● Entries taken from a collection:
┄┄┄┄┄┄
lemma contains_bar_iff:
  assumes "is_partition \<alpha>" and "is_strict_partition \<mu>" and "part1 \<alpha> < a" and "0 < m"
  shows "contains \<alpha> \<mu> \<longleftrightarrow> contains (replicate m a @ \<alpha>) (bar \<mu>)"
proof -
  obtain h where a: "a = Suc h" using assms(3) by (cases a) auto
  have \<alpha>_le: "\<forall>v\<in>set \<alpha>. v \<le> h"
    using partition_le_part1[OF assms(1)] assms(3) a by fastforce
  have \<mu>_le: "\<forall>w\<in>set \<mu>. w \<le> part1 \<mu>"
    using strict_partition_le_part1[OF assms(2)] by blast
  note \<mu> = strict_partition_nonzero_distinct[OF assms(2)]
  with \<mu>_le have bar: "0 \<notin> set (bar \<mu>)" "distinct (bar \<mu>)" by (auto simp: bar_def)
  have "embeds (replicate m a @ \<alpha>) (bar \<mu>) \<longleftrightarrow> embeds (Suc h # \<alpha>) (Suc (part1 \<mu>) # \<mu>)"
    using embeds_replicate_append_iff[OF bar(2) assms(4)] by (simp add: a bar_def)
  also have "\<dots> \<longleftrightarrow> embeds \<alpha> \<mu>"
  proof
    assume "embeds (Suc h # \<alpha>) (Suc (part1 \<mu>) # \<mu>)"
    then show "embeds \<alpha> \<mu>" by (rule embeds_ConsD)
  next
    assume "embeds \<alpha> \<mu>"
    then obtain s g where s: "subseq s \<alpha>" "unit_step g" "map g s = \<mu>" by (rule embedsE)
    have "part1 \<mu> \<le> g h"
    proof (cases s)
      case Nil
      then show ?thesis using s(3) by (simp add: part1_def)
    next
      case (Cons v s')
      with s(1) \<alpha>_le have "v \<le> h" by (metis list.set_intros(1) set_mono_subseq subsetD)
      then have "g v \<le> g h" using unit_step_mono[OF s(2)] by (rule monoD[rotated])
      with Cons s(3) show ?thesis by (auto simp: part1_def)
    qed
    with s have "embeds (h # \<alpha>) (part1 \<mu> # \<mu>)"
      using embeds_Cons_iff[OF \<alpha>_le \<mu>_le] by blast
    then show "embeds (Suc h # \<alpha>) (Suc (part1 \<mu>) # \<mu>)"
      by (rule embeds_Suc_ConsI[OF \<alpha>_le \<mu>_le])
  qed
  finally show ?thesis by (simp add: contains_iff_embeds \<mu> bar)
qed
┄┄┄┄┄┄
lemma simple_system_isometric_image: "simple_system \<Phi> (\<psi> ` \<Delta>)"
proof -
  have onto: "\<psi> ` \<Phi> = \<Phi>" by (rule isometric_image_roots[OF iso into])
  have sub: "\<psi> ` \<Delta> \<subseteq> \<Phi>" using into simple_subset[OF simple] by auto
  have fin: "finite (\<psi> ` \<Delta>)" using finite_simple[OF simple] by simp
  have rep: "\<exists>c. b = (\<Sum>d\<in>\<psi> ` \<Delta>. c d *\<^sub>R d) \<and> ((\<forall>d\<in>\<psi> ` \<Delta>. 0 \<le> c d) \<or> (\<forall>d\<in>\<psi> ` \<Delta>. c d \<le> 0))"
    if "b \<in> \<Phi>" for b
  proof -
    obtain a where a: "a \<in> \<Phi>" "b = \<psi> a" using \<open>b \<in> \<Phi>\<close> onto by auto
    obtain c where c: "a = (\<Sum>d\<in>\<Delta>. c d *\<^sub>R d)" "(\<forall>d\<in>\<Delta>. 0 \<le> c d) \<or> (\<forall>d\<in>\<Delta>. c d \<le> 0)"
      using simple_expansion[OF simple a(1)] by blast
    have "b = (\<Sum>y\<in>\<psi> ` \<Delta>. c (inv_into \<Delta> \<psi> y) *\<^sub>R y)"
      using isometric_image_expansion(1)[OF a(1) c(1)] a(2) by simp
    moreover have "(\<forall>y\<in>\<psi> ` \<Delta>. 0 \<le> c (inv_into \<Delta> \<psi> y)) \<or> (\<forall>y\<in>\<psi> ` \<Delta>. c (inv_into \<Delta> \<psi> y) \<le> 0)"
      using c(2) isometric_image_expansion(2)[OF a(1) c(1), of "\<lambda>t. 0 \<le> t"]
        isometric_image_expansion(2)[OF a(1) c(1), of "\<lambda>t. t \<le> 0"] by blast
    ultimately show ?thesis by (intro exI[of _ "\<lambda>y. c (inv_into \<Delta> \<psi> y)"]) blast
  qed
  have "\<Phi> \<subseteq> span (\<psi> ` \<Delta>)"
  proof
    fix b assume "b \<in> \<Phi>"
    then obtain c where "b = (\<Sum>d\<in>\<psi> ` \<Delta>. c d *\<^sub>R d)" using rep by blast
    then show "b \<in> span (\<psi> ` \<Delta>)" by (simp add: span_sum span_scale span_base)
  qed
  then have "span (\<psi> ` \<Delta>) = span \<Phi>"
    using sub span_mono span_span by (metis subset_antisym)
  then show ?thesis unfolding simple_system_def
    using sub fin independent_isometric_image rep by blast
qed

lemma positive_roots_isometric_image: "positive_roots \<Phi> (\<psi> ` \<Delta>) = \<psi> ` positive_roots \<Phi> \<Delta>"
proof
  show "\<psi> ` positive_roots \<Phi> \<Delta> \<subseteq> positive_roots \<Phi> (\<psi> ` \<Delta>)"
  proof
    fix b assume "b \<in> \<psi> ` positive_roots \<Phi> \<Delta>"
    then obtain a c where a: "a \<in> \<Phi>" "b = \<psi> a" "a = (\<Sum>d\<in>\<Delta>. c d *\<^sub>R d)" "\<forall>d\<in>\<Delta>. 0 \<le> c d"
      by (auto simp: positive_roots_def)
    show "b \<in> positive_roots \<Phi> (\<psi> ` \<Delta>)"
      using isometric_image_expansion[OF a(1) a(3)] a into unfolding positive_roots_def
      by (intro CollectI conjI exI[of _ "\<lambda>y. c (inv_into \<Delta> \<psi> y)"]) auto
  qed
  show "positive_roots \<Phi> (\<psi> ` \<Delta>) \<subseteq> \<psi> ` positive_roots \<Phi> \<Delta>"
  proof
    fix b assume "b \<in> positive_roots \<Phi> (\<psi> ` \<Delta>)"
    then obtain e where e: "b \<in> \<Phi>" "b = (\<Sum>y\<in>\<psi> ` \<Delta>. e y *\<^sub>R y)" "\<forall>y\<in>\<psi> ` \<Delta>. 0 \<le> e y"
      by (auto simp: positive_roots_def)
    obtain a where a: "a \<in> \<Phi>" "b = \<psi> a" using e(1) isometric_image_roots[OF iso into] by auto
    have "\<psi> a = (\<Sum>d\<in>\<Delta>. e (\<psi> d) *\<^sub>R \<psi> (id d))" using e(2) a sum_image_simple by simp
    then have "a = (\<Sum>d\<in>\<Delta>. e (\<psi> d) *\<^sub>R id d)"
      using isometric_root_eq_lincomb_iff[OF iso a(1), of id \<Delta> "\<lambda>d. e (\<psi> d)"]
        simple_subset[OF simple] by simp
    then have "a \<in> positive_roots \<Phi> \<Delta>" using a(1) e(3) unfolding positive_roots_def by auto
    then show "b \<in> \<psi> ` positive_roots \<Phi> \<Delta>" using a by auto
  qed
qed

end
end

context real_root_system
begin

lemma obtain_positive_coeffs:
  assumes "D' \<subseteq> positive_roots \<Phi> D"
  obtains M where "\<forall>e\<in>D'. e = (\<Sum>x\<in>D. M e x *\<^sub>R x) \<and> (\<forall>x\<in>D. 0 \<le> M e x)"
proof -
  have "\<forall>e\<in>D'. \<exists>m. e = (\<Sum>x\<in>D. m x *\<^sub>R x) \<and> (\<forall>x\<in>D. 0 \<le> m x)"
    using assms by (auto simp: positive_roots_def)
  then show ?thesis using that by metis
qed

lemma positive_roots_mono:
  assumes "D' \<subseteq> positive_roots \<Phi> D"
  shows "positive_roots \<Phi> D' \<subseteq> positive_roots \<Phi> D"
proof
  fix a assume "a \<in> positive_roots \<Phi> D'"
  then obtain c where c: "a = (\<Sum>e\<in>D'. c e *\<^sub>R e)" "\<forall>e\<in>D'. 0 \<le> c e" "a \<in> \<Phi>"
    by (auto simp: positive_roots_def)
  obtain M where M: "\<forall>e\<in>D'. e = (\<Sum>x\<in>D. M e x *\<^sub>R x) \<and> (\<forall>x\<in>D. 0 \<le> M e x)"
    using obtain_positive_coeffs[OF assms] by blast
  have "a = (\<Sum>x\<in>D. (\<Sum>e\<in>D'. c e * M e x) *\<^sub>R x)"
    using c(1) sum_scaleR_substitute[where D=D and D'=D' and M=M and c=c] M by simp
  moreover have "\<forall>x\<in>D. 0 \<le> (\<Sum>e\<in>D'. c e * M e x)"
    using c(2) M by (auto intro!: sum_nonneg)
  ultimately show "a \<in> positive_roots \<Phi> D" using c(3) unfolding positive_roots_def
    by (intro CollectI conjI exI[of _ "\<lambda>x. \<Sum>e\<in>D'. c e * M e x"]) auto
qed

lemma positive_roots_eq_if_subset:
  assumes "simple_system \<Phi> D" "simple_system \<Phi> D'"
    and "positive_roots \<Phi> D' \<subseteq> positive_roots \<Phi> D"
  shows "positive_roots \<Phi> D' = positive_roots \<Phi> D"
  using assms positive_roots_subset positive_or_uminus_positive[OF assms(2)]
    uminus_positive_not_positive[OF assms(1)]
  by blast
┄┄┄┄┄┄
● What you have to do: Every line above in which the word "with" occurs is to be copied.

● Output:
  with \<mu>_le have bar: "0 \<notin> set (bar \<mu>)" "distinct (bar \<mu>)" by (auto simp: bar_def)
      with s(1) \<alpha>_le have "v \<le> h" by (metis list.set_intros(1) set_mono_subseq subsetD)
      with Cons s(3) show ?thesis by (auto simp: part1_def)
    with s have "embeds (h # \<alpha>) (part1 \<mu> # \<mu>)"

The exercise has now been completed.